St Luke's Church is on Liverpool Road, near the centre of Great Crosby, Sefton, Merseyside, England. It is an active Anglican parish church in the diocese of Liverpool. The church is recorded in the National Heritage List for England as a designated Grade II listed building. The east end of the church was rebuilt following a fire in 1972.

==History==

St Luke's Church was built in 1853–54 and designed by A. and G. Holme. The foundation stone was laid by John Myers, a benefactor of the church, in 1853, and the church was consecrated on 26 December of that year by the Rt Revd John Graham, bishop of Chester. In 1864 a clock by Thomas Cooke, and a ring of six bells by Mears Whitechapel Foundry were installed in the tower. A new baptistry was created in 1888, when the font was moved to the back of the church, the choir stalls were moved into the chancel, and a new lectern was provided.
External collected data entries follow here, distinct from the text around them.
definition pc_zjb ::
  "nat \<Rightarrow> real \<Rightarrow> real \<Rightarrow> real \<Rightarrow> (nat \<Rightarrow> real) \<Rightarrow> (nat \<Rightarrow> real) \<Rightarrow> (nat \<Rightarrow> real)
    \<Rightarrow> (nat \<Rightarrow> real) \<Rightarrow> (nat \<Rightarrow> real)
    \<Rightarrow> (nat \<Rightarrow> real) \<Rightarrow> (nat \<Rightarrow> real) \<Rightarrow> (nat \<Rightarrow> real) \<Rightarrow> bool" where
  "pc_zjb N \<tau> \<eta> \<sigma> xm ym km xt yt xn yn kn \<longleftrightarrow>
     (xn, yn) \<in> Xh N \<and> kn \<in> Kh N \<and>
     (\<forall>\<psi>\<in>Kh N.
        ip_lump N xt yt (\<lambda>j k. ((xn k - xm k) / \<tau> * nrm1 xt yt j
                               + (yn k - ym k) / \<tau> * nrm2 xt yt j) * \<psi> k)
      + ip_pc N xt yt (\<lambda>j. ds xt yt (\<lambda>i. (kn i + km i) / 2) j * ds xt yt \<psi> j) = 0) \<and>
     (\<forall>\<omega>1 \<omega>2. (\<omega>1, \<omega>2) \<in> Xh N \<longrightarrow>
        ip_lump N xt yt (\<lambda>j k. (kn k + km k) / 2 * (nrm1 xt yt j * \<omega>1 k + nrm2 xt yt j * \<omega>2 k))
      - ip_pc N xt yt (\<lambda>j. ds xt yt (\<lambda>i. (xn i + xm i) / 2) j * ds xt yt \<omega>1 j
                          + ds xt yt (\<lambda>i. (yn i + ym i) / 2) j * ds xt yt \<omega>2 j)
      + \<sigma> * (\<omega>1 N - \<omega>1 0)
      - 1 / (\<eta> * \<tau>) * ((xn 0 - xm 0) * \<omega>1 0 + (xn N - xm N) * \<omega>1 N) = 0)"

end

theory Submission
  imports Defs "Jordan_Normal_Form.Determinant"
begin

text \<open>
  The corrector is a square linear system: unknowns and test functions both range over
  \<open>X\<^sup>h \<times> K\<^sup>h\<close>, a space of dimension \<open>3N + 1\<close>. So it suffices to show that the homogeneous
  system (\<open>X\<^sup>m = 0\<close>, \<open>\<kappa>\<^sup>m = 0\<close>, \<open>\<sigma> = 0\<close>) has only the trivial solution.
  Testing it with \<open>\<psi> = \<kappa>\<close> and \<open>\<omega> = X\<close> and eliminating the coupling term gives
  \<open>\<tau>/2 |\<partial>\<^sub>s\<kappa>|\<^sup>2 + |\<partial>\<^sub>sX|\<^sup>2 + 2/(\<eta>\<tau>) (x(0)\<^sup>2 + x(1)\<^sup>2) = 0\<close>, where the norms are taken
  on the predicted curve. Hence \<open>X\<close> is constant with \<open>x(0) = 0\<close> and \<open>y(0) = 0\<close>, so \<open>X = 0\<close>, and
  \<open>\<kappa>\<close> is a constant \<open>c\<close>. Testing with \<open>\<omega> = (\<phi>\<^sub>0, 0)\<close> and \<open>\<omega> = (\<phi>\<^sub>N, 0)\<close> leaves
  \<open>c n\<^sub>1\<^sub>,\<^sub>1 = c n\<^sub>N\<^sub>,\<^sub>1 = 0\<close>, and assumption (i) forces \<open>c = 0\<close>.
\<close>

definition linear_functional :: "((nat \<Rightarrow> real) \<Rightarrow> real) \<Rightarrow> bool" where
  "linear_functional L \<longleftrightarrow> (\<forall>a b u v. L (\<lambda>i. a * u i + b * v i) = a * L u + b * L v)"

definition hat :: "nat \<Rightarrow> nat \<Rightarrow> real" where
  "hat j = (\<lambda>i. if i = j then 1 else 0)"

lemma hat_in_Kh: "j \<le> N \<Longrightarrow> hat j \<in> Kh N"
  by (simp add: Kh_def hat_def)

lemma Kh_hat_expansion: "f \<in> Kh N \<Longrightarrow> f = (\<lambda>i. \<Sum>j\<le>N. f j * hat j i)"
  by (auto simp: Kh_def hat_def fun_eq_iff if_distrib sum.delta cong: if_cong)

lemma linear_functional_zero:
  assumes "linear_functional L"
  shows "L (\<lambda>_. 0) = 0"
  using assms[unfolded linear_functional_def, rule_format, of 0 _ 0] by simp

lemma linear_functional_diff:
  assumes "linear_functional L"
  shows "L (\<lambda>i. f i - g i) = L f - L g"
  using assms[unfolded linear_functional_def, rule_format, of 1 f "-1" g] by simp

lemma linear_functional_sum:
  assumes "linear_functional L" and "finite J"
  shows "L (\<lambda>i. \<Sum>j\<in>J. c j * f j i) = (\<Sum>j\<in>J. c j * L (f j))"
  using assms(2)
proof (induction J rule: finite_induct)
  case empty
  then show ?case using linear_functional_zero[OF assms(1)] by simp
next
  case (insert j J)
  then show ?case
    using assms(1)[unfolded linear_functional_def, rule_format, of "c j" "f j" 1] by simp
qed

lemma linear_functional_Kh_expansion:
  assumes "linear_functional L" and "f \<in> Kh N"
  shows "L f = (\<Sum>j\<le>N. f j * L (hat j))"
  by (subst Kh_hat_expansion[OF assms(2)]) (simp add: linear_functional_sum[OF assms(1)])

lemma square_mat_solvable_if_kernel_trivial:
  fixes A :: "'a :: field mat"
  assumes A: "A \<in> carrier_mat n n"
    and kernel: "\<And>v. v \<in> carrier_vec n \<Longrightarrow> A *\<^sub>v v = 0\<^sub>v n \<Longrightarrow> v = 0\<^sub>v n"
    and b: "b \<in> carrier_vec n"
  shows "\<exists>x \<in> carrier_vec n. A *\<^sub>v x = b"
proof -
  have "det A \<noteq> 0"
    using det_0_iff_vec_prod_zero_field[OF A] kernel by blast
  then have "A \<in> Units (ring_mat TYPE('a) n ())"
    by (rule det_non_zero_imp_unit[OF A])
  then obtain B where B: "B \<in> carrier_mat n n" "A * B = 1\<^sub>m n"
    unfolding Units_def ring_mat_def by auto
  have "A *\<^sub>v (B *\<^sub>v b) = b"
    using A B b by (simp add: assoc_mult_mat_vec[symmetric])
  with B(1) b show ?thesis
    by (intro bexI[of _ "B *\<^sub>v b"]) auto
qed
Further alterations were made to the front of the church in 1969. On the evening of 9 June 1972 the east end of the church was badly damaged by fire. It was rebuilt by Saunders Boston, who added a new steel roof, a new apse, and three new vestries in the Modernist style. The rebuilt church was dedicated on 13 April 1975 the Rt Revd John Bickersteth, bishop of Warrington.

==Architecture==
===Exterior===
The church is built in coursed sandstone rubble with freestone dressings and a steel roof. Its architectural style is Decorated. The plan consists of a wide four-bay nave without aisles, a south porch, north and south two-bay transepts, a chancel, and a west steeple. The steeple is 120 ft high. This has a three-stage tower with full-height diagonal buttresses, and a single-stage circular stair turret. On the west side of the tower, the bottom stage contains an arched doorway with a hood mould, in the middle stage there is a three-light window, and in the top stage are a clock face on the west side and two-light louvred bell openings on all sides. On top of the tower is a broach spire, which is swept at the foot. The bays of the nave and the transepts contain two-light arched windows. Extending from the apse of the chancel are the three vestries added by Saunders Boston.

===Interior===
Inside the church, the box pews that had been damaged in the fire were replaced by pitch pine pews moved from St Benedict's Church, Everton, which has been demolished. The holy table and credence table survived the fire; they had been coated with a fire-proofing substance. On the front of the gallery is a royal coat of arms of William IV. The stained glass in the windows of the transepts was restored after the fire. Most of these windows are by Capronnier, and they depict biblical scenes. The glass in the windows of the nave is plain. The two-manual pipe organ was made by Walker's, and dates from the 1970s. There is a ring of six bells cast in 1863 by George Mears and Company; the tenor weighs 1382 lb and has a diameter of 26 in.

==Appraisal==

The church was designated as a Grade II listed building on 20 December 1996. Grade II is the lowest of the three grades of listing and is applied to buildings that are "nationally important and of special interest".

St Luke's is an active parish church in the deanery of Sefton, the archdeaconry of Liverpool, and the diocese of Liverpool.